The Art of Holding a Construction Sign

Today, I drove through a construction zone and I couldn’t help but notice that the worker in charge of holding the slow/stop sign looked like he hated his life.  He was looking over at the workers who were doing actual construction, and I swear I could see longing in his eyes to be doing “real” work.  (I was driving 15 MPH, I had time to analyze his feelings).

It got me thinking about the Olympian bench warmers I’ve been seeing this week.  You know, the ones who made it to the Games but didn’t make the cut in qualifiers; the ones who stay in their warm ups and cheer on their teammates but never compete?  Some of them seem so genuinely excited just to be a part of all of the pomp and circumstance of the Olympics, and genuinely excited for their succeeding teammates.  (Except for maybe the women gymnasts – they give hate hugs).

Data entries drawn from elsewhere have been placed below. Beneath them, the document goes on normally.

theorem theorem2:
  fixes fs :: "nat \<Rightarrow> 'a::euclidean_space \<Rightarrow> real"
    and f' :: "nat \<Rightarrow> 'a \<Rightarrow> 'a"
    and h :: "'a \<Rightarrow> ereal"
    and n k :: nat and L :: real and x0 xstar :: 'a
  assumes n_pos: "n \<ge> 1"
    and L_pos: "L > 0"
    and conv: "\<And>i. i < n \<Longrightarrow> convex_on UNIV (fs i)"
    and grad: "\<And>i x. i < n \<Longrightarrow> (fs i has_derivative (\<lambda>v. f' i x \<bullet> v)) (at x)"
    and lip: "\<And>i x y. i < n \<Longrightarrow> norm (f' i x - f' i y) \<le> L * norm (x - y)"
    and h_proper: "proper_fun h" and h_closed: "closed_fun h" and h_convex: "convex_fun h"
    and min: "\<And>x. ereal ((1 / real n) * (\<Sum>i<n. fs i xstar)) + h xstar
                 \<le> ereal ((1 / real n) * (\<Sum>i<n. fs i x)) + h x"
    and k_pos: "k \<ge> 1"
  shows
    "(let f = (\<lambda>x. (1 / real n) * (\<Sum>i<n. fs i x));
          fgrad = (\<lambda>x. (1 / real n) *\<^sub>R (\<Sum>i<n. f' i x));
          F = (\<lambda>x. ereal (f x) + h x);
          \<gamma> = 1 / (3 * L)
      in ereal (1 / real n ^ k) * (\<Sum>js\<in>index_seqs n k. F (saga_avg f' n \<gamma> h x0 js k)) - F xstar
         \<le> ereal (4 * real n / real k *
              (2 * L / real n * (norm (x0 - xstar))\<^sup>2 + f x0 - fgrad xstar \<bullet> (x0 - xstar) - f xstar)))"
proof -
  interpret saga_setting h fs f' n L xstar
    by unfold_locales (use assms in auto)
  show ?thesis
    using expected_gap_bound[OF k_pos, of x0]
    unfolding Let_def favg_def gavg_def gam_def E_idx_def .
qed

end
lemma hpoly_power_nonzero_on_roots_unity_iff:
  assumes "d dvd CARD('a::{finite,field}) - 1" "coprime e d"
  shows "(\<forall>y\<in>roots_unity d. hpoly k (y ^ e) \<noteq> (0::'a)) \<longleftrightarrow> of_nat k \<noteq> (0::'a) \<and> coprime d k"
proof
  assume nonzero: "\<forall>y\<in>roots_unity d. hpoly k (y ^ e) \<noteq> (0::'a)"
  then have "of_nat k \<noteq> (0::'a)"
    using bspec[OF nonzero, of 1] by (simp add: roots_unity_def hpoly_1)
  moreover have "coprime d k"
  proof (rule ccontr)
    assume "\<not> coprime d k"
    then have "gcd d k \<noteq> 1" by (simp add: coprime_iff_gcd_eq_1)
    have "gcd d k dvd CARD('a) - 1" using assms(1) by (rule dvd_trans[OF gcd_dvd1])
    then obtain z :: 'a where order: "\<And>n. z ^ n = 1 \<longleftrightarrow> gcd d k dvd n"
      using roots_unity_cyclic by blast
    have "z \<in> roots_unity d" "z \<noteq> 1"
      using order[of d] order[of 1] \<open>gcd d k \<noteq> 1\<close> by (auto simp: roots_unity_def)
    then have "z ^ e \<noteq> 1"
      using power_eq_1_if_coprime[OF assms(2)] by (auto simp: roots_unity_def)
    moreover have "(z ^ e) ^ k = 1" using order[of "e * k"] by (simp flip: power_mult)
    ultimately have "hpoly k (z ^ e) = 0" by (simp add: hpoly_eq_geometric)
    with \<open>z \<in> roots_unity d\<close> nonzero show False by blast
  qed
  ultimately show "of_nat k \<noteq> (0::'a) \<and> coprime d k" ..
next
  assume k: "of_nat k \<noteq> (0::'a) \<and> coprime d k"
  show "\<forall>y\<in>roots_unity d. hpoly k (y ^ e) \<noteq> (0::'a)"
  proof
    fix y :: 'a assume y: "y \<in> roots_unity d"
    show "hpoly k (y ^ e) \<noteq> 0"
    proof (cases "y = 1")
      case True
      then show ?thesis using k by (simp add: hpoly_1)
    next
      case False
      have "coprime (e * k) d" using assms(2) k by (simp add: coprime_commute)
      then have "y ^ e \<noteq> 1" "(y ^ e) ^ k \<noteq> 1"
        using power_eq_1_if_coprime[OF assms(2), of y]
          power_eq_1_if_coprime[OF \<open>coprime (e * k) d\<close>, of y] False y by (auto simp: roots_unity_def simp flip: power_mult)
      then show ?thesis by (simp add: hpoly_eq_geometric)
    qed
  qed
qed
(* Let $H=(W,F)$ be a graph, $xy$ a flat edge of $H$, and $B=(X,Y;E_{XY})$ a cobipartite graph disjoint from $H$ with $E_{XY}\neq\varnothing$. Let $G$ be the graph obtained by the augmentation of the edge $xy$ in $H$ using $B$, and let $D=(V,A)$ be a clique-acyclic orientation of $G$. Let $s_X,s_Y$ be the sinks of $D[X]$ and $D[Y]$ respectively, labelled so that $(s_X,s_Y)\notin A$. Let $U=Y\setminus N_G(s_X)$, let $S_U=\varnothing$ if $U=\varnothing$ and $S_U=\{s_U\}$ where $s_U$ is the sink of $D[U]$ otherwise, and let $Z=(V\setminus(X\cup Y))\cup\{s_X,s_Y\}\cup S_U$. Then every kernel of $D[Z]$ is a kernel of $D$.
   Context: An edge of an undirected graph is flat if it is contained in no triangle. A cobipartite graph $B=(X,Y;E_{XY})$ has vertex set partitioned into two cliques $X$ and $Y$, with $E_{XY}$ the set of edges between $X$ and $Y$. The augmentation of a flat edge $xy$ in $H$ using $B$ builds a graph from $H$ and $B$ by removing $x$, $y$ (and the edge $xy$) from $H$, and adding all edges between $X$ and $N_H(x)\setminus\{y\}$ and all edges between $Y$ and $N_H(y)\setminus\{x\}$. An orientation orients each edge in exactly one direction; it is clique-acyclic if every clique has a sink, i.e. a vertex receiving an arc from every other vertex of the clique. For a digraph $D=(V,A)$, a set $S$ is stable if no two vertices of $S$ are adjacent, absorbing if every $u\in V\setminus S$ has some $v\in S$ with $(u,v)\in A$; a kernel is a stable absorbing set. *)

theory Defs
  imports Main
begin

definition graph :: "'a set \<Rightarrow> ('a \<times> 'a) set \<Rightarrow> bool" where
  "graph V E \<longleftrightarrow> E \<subseteq> V \<times> V \<and> sym E \<and> (\<forall>v. (v, v) \<notin> E)"

definition nbhd :: "('a \<times> 'a) set \<Rightarrow> 'a \<Rightarrow> 'a set" where
  "nbhd E v = {u. (v, u) \<in> E}"

definition flat_edge :: "('a \<times> 'a) set \<Rightarrow> 'a \<Rightarrow> 'a \<Rightarrow> bool" where
  "flat_edge E x y \<longleftrightarrow> (x, y) \<in> E \<and> \<not> (\<exists>z. (x, z) \<in> E \<and> (y, z) \<in> E)"

definition clique :: "('a \<times> 'a) set \<Rightarrow> 'a set \<Rightarrow> bool" where
  "clique E K \<longleftrightarrow> (\<forall>u\<in>K. \<forall>v\<in>K. u \<noteq> v \<longrightarrow> (u, v) \<in> E)"

text \<open>Cobipartite graph B = (X, Y; E_XY): X, Y disjoint cliques, E_XY the edges between them
  (stored as pairs in X x Y).\<close>
definition cobipartite :: "'a set \<Rightarrow> 'a set \<Rightarrow> ('a \<times> 'a) set \<Rightarrow> bool" where
  "cobipartite X Y EXY \<longleftrightarrow> X \<inter> Y = {} \<and> EXY \<subseteq> X \<times> Y"

definition cobip_edges :: "'a set \<Rightarrow> 'a set \<Rightarrow> ('a \<times> 'a) set \<Rightarrow> ('a \<times> 'a) set" where
  "cobip_edges X Y EXY =
     {(u, v). u \<in> X \<and> v \<in> X \<and> u \<noteq> v} \<union> {(u, v). u \<in> Y \<and> v \<in> Y \<and> u \<noteq> v}
     \<union> EXY \<union> EXY\<inverse>"

definition aug_V :: "'a set \<Rightarrow> 'a \<Rightarrow> 'a \<Rightarrow> 'a set \<Rightarrow> 'a set \<Rightarrow> 'a set" where
  "aug_V W x y X Y = (W - {x, y}) \<union> X \<union> Y"

definition aug_E :: "('a \<times> 'a) set \<Rightarrow> 'a \<Rightarrow> 'a \<Rightarrow> 'a set \<Rightarrow> 'a set \<Rightarrow> ('a \<times> 'a) set
    \<Rightarrow> ('a \<times> 'a) set" where
  "aug_E F x y X Y EXY =
     {(u, v). (u, v) \<in> F \<and> u \<notin> {x, y} \<and> v \<notin> {x, y}}
     \<union> cobip_edges X Y EXY
     \<union> (X \<times> (nbhd F x - {y})) \<union> (X \<times> (nbhd F x - {y}))\<inverse>
     \<union> (Y \<times> (nbhd F y - {x})) \<union> (Y \<times> (nbhd F y - {x}))\<inverse>"
lemma normal_variance_mixture_pos:
  fixes \<alpha> :: "real \<Rightarrow> real"
  assumes "continuous_on {0<..} \<alpha>" "\<And>u. u > 0 \<Longrightarrow> \<alpha> u > 0"
    and "set_integrable lborel {0<..} \<alpha>" and "z \<ge> 1"
  shows "normal_variance_mixture \<alpha> z > 0"
proof -
  obtain c where "c > 0" "c * exp (- z\<^sup>2 / 4) \<le> normal_variance_mixture \<alpha> z"
    using normal_variance_mixture_lower_bound[OF assms(1-3), of 1] assms(4) by auto
  then show ?thesis using mult_pos_pos[OF \<open>c > 0\<close> exp_gt_zero[of "- z\<^sup>2 / 4"]] by linarith
qed

lemma small_variances_negligible:
  fixes \<alpha> :: "real \<Rightarrow> real"
  assumes "continuous_on {0<..} \<alpha>" "\<And>u. u > 0 \<Longrightarrow> \<alpha> u > 0"
    and "set_integrable lborel {0<..} \<alpha>" and "M > 0" "\<delta> > 0"
  shows "eventually (\<lambda>z. C * exp (- z\<^sup>2 / (3*M)) < \<delta> * normal_variance_mixture \<alpha> z) at_top"
proof -
  obtain c where c: "c > 0" "\<And>z. z \<ge> 1 \<Longrightarrow> c * exp (- z\<^sup>2 / (4*M)) \<le> normal_variance_mixture \<alpha> z"
    using normal_variance_mixture_lower_bound[OF assms(1-4)] by blast
  have "eventually (\<lambda>z. z \<ge> 1 \<and> C * exp (- z\<^sup>2 / (3*M)) < (\<delta> * c) * exp (- z\<^sup>2 / (4*M))) at_top"
    using assms(4,5) c(1) by (intro eventually_conj eventually_ge_at_top exp_minus_sq_div_negligible) auto
  then show ?thesis
  proof eventually_elim
    case (elim z)
    have "\<delta> * (c * exp (- z\<^sup>2 / (4*M))) \<le> \<delta> * normal_variance_mixture \<alpha> z"
      using c(2)[of z] elim assms(5) by (intro mult_left_mono) auto
    then show ?case using elim by (simp add: mult.assoc)
  qed
qed

lemma normal_variance_mixture_le_if_le_at_top:
  fixes f g :: "real \<Rightarrow> real"
  assumes f: "set_integrable lborel {0<..} f" and g: "set_integrable lborel {0<..} g"
    and g_nonneg: "\<And>u. u > 0 \<Longrightarrow> 0 \<le> g u" and le: "\<And>u. u \<ge> M \<Longrightarrow> f u \<le> g u"
    and M: "M > 0" and z: "z \<ge> 1"
  shows "normal_variance_mixture f z
           \<le> normal_variance_mixture g z + 6 * sqrt M * exp (- z\<^sup>2 / (3*M)) * (LBINT u:{0<..}. \<bar>f u\<bar>)"
proof -
  define E where "E = 6 * sqrt M * exp (- z\<^sup>2 / (3*M))"
  have int_g: "set_integrable lborel {0<..} (\<lambda>u. phi0 z u * g u)"
    using z g by (rule set_integrable_phi0_mult)
  have int_f: "set_integrable lborel {0<..} (\<lambda>u. E * \<bar>f u\<bar>)"
    using f by (simp add: set_integrable_abs)
  have "(LBINT u:{0<..}. phi0 z u * f u) \<le> (LBINT u:{0<..}. phi0 z u * g u + E * \<bar>f u\<bar>)"
  proof (rule set_integral_mono[OF set_integrable_phi0_mult[OF z f] set_integral_add(1)[OF int_g int_f]])
    fix u :: real assume "u \<in> {0<..}"
    then have u: "u > 0" by simp
    have \<phi>: "0 \<le> phi0 z u" by (rule phi0_nonneg)
    show "phi0 z u * f u \<le> phi0 z u * g u + E * \<bar>f u\<bar>"
    proof (cases "u \<le> M")
      case True
      have "phi0 z u * f u \<le> phi0 z u * \<bar>f u\<bar>" using \<phi> by (simp add: mult_left_mono)
      also have "\<dots> \<le> E * \<bar>f u\<bar>"
        using phi0_le_small_variance[OF z u True] by (simp add: E_def mult_right_mono)
      finally show ?thesis using mult_nonneg_nonneg[OF \<phi> g_nonneg[OF u]] by linarith
    next
      case False
      have "phi0 z u * f u \<le> phi0 z u * g u" using \<phi> le[of u] False by (simp add: mult_left_mono)
      moreover have "0 \<le> E * \<bar>f u\<bar>" using M by (simp add: E_def)
      ultimately show ?thesis by simp
    qed
  qed
  then show ?thesis
    using set_integral_add(2)[OF int_g int_f] by (simp add: normal_variance_mixture_def E_def)
qed

lemma eventually_ratio_gtE:
  fixes \<alpha> \<beta> :: "real \<Rightarrow> real"
  assumes "\<And>u. u > 0 \<Longrightarrow> \<alpha> u > 0" and "eventually (\<lambda>u. s < \<beta> u / \<alpha> u) at_top"
  obtains M where "M > 0" and "\<And>u. u \<ge> M \<Longrightarrow> s * \<alpha> u \<le> \<beta> u"
proof -
  obtain M0 where M0: "\<And>u. u \<ge> M0 \<Longrightarrow> s < \<beta> u / \<alpha> u"
    using assms(2) by (auto simp: eventually_at_top_linorder)
  show ?thesis
  proof (rule that[of "max M0 1"])
    fix u assume "u \<ge> max M0 1"
    then show "s * \<alpha> u \<le> \<beta> u"
      using M0[of u] assms(1)[of u] by (simp add: pos_less_divide_eq)
  qed simp
qed

lemma eventually_ratio_lessE:
  fixes \<alpha> \<beta> :: "real \<Rightarrow> real"
  assumes "\<And>u. u > 0 \<Longrightarrow> \<alpha> u > 0" and "eventually (\<lambda>u. \<beta> u / \<alpha> u < t) at_top"
  obtains M where "M > 0" and "\<And>u. u \<ge> M \<Longrightarrow> \<beta> u \<le> t * \<alpha> u"
proof -
  obtain M0 where M0: "\<And>u. u \<ge> M0 \<Longrightarrow> \<beta> u / \<alpha> u < t"
    using assms(2) by (auto simp: eventually_at_top_linorder)
  show ?thesis
  proof (rule that[of "max M0 1"])
    fix u assume "u \<ge> max M0 1"
    then show "\<beta> u \<le> t * \<alpha> u"
      using M0[of u] assms(1)[of u] by (simp add: pos_divide_less_eq)
  qed simp
qed

lemma normal_variance_mixture_ratio_eventually_gt:
  fixes \<alpha> \<beta> :: "real \<Rightarrow> real"
  assumes cont: "continuous_on {0<..} \<alpha>" and \<alpha>_pos: "\<And>u. u > 0 \<Longrightarrow> \<alpha> u > 0"
    and \<beta>_nonneg: "\<And>u. u > 0 \<Longrightarrow> 0 \<le> \<beta> u"
    and \<alpha>: "set_integrable lborel {0<..} \<alpha>" and \<beta>: "set_integrable lborel {0<..} \<beta>"
    and ratio: "eventually (\<lambda>u. s < \<beta> u / \<alpha> u) at_top" and "a < s"
  shows "eventually (\<lambda>z. a < normal_variance_mixture \<beta> z / normal_variance_mixture \<alpha> z) at_top"
proof -
  obtain M where M: "M > 0" "\<And>u. u \<ge> M \<Longrightarrow> s * \<alpha> u \<le> \<beta> u"
    using eventually_ratio_gtE[OF \<alpha>_pos ratio] by blast
  define C where "C = 6 * sqrt M * (LBINT u:{0<..}. \<bar>s * \<alpha> u\<bar>)"
  have "eventually (\<lambda>z. z \<ge> 1 \<and> C * exp (- z\<^sup>2 / (3*M)) < (s - a) * normal_variance_mixture \<alpha> z) at_top"
    using \<open>a < s\<close> by (intro eventually_conj eventually_ge_at_top small_variances_negligible[OF cont \<alpha>_pos \<alpha> M(1)]) auto
  then show ?thesis
  proof eventually_elim
    case (elim z)
    have "s * normal_variance_mixture \<alpha> z \<le> normal_variance_mixture \<beta> z + C * exp (- z\<^sup>2 / (3*M))"
      using normal_variance_mixture_le_if_le_at_top[of "\<lambda>u. s * \<alpha> u", OF _ \<beta> \<beta>_nonneg M(2,1)] elim \<alpha>
      by (simp add: normal_variance_mixture_cmult C_def ac_simps)
    then show ?case
      using elim normal_variance_mixture_pos[OF cont \<alpha>_pos \<alpha>, of z] by (simp add: less_divide_eq algebra_simps)
  qed
qed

Which lead me to thinking about my own life, and the moments when I’m on the sidelines in a supportive role rather than a leadership role.  I like dreaming, and strategic planning, and implementation, and analyzing, and tweaking.  I like leading and talking to groups and facilitating discussions.  But sometimes, a more qualified person or higher paid person or better leader is in the mix, and I get to take a backseat. 

Sometimes I’m good at supporting, cheering on, and letting go of my own ideas, but sometimes, I’m more like the construction worker I passed, who is having a hard time with NOT doing the “real” work. 

This morning was a good reminder to serve and support well my teammates who are in the spotlight.  We all know a good leader has to be a good supporter, but that doesn’t means it’s always easy to practice.

What about you?  Are you good at being on the sidelines or do you crave the spotlight?

2 thoughts on “The Art of Holding a Construction Sign

  1. Sometimes it takes a change of perspective to realize that the sign-holder is important to the project. I struggle with the idea that if I am not actively engaged in the process, then I am useless. I don’t crave the spotlight, but I still want to feel useful – like I’m adding something of value. On that basis, I hated sitting on the bench when I played basketball in high school.